*About this task*: From the line containing "using group.real_hom_one[OF G" through the last line, print the records exactly and nothing else.

Dataset records Block Start

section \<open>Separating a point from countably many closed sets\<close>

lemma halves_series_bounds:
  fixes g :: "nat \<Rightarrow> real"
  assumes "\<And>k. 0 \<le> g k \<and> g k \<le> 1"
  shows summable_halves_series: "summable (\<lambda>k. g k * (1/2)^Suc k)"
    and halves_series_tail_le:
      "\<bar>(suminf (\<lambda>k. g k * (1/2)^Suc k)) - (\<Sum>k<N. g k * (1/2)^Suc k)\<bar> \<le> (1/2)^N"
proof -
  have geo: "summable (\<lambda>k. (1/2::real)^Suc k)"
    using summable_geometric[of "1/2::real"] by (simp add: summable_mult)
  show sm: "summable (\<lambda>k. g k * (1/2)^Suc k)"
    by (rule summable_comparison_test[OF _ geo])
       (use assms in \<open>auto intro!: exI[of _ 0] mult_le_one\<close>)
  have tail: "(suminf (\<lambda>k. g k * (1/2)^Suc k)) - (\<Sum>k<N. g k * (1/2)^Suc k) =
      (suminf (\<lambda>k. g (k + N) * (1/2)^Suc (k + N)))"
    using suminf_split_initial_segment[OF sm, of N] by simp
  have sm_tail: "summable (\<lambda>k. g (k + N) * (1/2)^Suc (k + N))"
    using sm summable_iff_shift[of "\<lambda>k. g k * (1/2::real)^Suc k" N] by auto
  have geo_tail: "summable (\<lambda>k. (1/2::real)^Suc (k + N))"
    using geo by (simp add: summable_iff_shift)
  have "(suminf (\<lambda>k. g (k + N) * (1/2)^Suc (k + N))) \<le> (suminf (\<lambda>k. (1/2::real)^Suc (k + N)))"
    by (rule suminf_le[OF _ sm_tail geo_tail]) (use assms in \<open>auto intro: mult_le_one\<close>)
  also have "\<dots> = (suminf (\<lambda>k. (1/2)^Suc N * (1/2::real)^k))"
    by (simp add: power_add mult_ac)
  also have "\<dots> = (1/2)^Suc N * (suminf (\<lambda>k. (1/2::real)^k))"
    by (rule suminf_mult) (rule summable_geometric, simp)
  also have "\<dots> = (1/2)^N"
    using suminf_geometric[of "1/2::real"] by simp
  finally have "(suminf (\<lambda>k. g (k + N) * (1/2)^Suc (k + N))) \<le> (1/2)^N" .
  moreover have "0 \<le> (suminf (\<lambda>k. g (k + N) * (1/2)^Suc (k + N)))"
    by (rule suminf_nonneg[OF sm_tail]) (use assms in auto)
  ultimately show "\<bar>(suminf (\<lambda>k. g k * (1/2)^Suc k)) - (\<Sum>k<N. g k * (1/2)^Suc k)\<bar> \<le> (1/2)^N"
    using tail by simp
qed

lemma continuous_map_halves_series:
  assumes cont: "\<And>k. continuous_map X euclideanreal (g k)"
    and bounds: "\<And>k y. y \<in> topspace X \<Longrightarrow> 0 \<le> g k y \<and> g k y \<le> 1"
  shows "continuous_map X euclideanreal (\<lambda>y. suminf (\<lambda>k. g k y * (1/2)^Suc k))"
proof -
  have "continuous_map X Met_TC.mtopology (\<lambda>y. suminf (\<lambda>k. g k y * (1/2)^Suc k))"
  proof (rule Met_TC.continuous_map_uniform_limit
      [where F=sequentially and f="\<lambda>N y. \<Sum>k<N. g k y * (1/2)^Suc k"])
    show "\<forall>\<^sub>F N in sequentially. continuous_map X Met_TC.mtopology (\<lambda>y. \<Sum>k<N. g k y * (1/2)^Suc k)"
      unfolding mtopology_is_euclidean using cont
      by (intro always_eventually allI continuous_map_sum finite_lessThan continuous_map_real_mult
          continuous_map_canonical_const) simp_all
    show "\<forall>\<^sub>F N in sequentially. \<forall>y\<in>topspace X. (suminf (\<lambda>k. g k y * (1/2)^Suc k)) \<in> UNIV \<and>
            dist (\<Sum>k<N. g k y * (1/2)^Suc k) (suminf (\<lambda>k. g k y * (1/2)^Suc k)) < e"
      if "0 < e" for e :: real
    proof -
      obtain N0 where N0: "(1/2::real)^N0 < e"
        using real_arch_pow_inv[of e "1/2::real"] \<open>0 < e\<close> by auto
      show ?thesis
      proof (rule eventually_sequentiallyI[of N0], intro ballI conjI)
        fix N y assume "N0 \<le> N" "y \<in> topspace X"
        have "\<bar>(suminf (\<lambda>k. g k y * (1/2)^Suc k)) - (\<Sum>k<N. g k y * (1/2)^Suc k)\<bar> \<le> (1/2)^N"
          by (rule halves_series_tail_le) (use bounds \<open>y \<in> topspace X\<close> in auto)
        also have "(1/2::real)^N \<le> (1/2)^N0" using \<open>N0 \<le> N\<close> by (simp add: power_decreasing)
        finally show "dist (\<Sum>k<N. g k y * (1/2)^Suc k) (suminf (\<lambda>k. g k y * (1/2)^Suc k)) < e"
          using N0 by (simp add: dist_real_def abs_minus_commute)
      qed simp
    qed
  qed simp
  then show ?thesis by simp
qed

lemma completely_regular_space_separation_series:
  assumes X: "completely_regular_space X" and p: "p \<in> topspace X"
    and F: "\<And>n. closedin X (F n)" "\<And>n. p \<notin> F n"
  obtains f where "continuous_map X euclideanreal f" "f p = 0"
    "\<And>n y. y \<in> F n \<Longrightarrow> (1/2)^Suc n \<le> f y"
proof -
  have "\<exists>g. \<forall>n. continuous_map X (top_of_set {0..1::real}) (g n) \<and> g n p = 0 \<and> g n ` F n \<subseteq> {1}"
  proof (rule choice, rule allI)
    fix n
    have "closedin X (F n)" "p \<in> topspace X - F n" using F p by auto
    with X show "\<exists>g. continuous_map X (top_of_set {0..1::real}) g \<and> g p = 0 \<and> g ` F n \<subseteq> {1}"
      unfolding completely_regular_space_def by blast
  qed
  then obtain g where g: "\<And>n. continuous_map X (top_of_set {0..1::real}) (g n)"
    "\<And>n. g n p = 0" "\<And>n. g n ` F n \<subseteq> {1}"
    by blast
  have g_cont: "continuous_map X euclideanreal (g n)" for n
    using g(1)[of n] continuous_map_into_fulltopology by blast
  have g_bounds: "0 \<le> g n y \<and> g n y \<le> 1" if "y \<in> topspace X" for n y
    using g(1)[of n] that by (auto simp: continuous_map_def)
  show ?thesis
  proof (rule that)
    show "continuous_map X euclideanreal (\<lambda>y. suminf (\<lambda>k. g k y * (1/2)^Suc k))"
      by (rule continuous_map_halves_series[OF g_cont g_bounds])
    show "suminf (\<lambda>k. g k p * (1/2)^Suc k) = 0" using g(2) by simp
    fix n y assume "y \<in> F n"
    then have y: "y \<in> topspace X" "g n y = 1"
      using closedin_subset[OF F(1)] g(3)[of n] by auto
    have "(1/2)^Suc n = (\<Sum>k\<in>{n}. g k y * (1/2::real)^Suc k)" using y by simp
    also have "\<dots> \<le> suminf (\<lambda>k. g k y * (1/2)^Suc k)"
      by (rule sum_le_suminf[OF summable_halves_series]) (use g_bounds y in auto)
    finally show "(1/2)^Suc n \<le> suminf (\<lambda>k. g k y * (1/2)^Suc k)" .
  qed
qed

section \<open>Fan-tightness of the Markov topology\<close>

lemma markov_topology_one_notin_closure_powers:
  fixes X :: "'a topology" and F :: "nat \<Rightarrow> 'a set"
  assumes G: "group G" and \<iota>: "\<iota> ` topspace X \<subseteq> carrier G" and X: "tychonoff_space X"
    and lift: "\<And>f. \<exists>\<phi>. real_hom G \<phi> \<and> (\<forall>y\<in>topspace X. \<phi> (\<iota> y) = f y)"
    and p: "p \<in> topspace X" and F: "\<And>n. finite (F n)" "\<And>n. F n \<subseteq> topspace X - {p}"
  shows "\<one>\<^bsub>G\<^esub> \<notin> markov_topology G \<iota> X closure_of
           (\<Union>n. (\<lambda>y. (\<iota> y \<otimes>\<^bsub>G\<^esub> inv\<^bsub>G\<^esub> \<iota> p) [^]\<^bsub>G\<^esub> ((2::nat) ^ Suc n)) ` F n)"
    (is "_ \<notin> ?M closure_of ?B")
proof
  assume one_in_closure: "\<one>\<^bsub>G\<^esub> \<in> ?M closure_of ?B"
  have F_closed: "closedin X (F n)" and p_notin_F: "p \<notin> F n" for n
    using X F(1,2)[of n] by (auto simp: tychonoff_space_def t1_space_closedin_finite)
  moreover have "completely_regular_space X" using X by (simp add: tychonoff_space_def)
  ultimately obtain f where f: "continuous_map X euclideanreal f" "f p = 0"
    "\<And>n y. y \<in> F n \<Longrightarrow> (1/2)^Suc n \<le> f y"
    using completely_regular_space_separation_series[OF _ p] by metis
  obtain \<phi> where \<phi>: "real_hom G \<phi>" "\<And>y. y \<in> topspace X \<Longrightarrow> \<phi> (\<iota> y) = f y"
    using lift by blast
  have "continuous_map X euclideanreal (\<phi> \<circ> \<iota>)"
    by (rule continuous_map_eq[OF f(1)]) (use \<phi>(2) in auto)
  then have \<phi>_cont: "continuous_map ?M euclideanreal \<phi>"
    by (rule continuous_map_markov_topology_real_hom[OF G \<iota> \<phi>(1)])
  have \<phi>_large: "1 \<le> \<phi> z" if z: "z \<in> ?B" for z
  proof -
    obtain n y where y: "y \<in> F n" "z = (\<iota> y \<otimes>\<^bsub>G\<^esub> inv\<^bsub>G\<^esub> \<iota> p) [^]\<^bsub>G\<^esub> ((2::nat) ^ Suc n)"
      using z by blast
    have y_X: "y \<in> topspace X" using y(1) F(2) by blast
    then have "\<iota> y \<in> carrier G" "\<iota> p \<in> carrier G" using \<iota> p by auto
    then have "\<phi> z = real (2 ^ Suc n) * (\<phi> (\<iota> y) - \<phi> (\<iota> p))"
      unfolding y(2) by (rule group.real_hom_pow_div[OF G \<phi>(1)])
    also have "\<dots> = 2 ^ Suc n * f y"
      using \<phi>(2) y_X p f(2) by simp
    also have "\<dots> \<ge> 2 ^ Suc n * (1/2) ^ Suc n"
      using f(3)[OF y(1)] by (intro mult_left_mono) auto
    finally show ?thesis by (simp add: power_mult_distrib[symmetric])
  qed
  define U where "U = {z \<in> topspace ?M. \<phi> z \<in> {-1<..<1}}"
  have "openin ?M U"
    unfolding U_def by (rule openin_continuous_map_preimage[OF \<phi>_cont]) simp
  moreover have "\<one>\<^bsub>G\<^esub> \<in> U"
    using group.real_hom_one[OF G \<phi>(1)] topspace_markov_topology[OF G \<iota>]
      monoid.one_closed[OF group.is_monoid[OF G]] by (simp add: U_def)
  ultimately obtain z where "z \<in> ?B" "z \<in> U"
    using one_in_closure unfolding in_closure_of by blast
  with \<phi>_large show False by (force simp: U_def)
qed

Dataset records Block End

*Exercise result*:
    using group.real_hom_one[OF G \<phi>(1)] topspace_markov_topology[OF G \<iota>]
      monoid.one_closed[OF group.is_monoid[OF G]] by (simp add: U_def)
  ultimately obtain z where "z \<in> ?B" "z \<in> U"
    using one_in_closure unfolding in_closure_of by blast
  with \<phi>_large show False by (force simp: U_def)
qed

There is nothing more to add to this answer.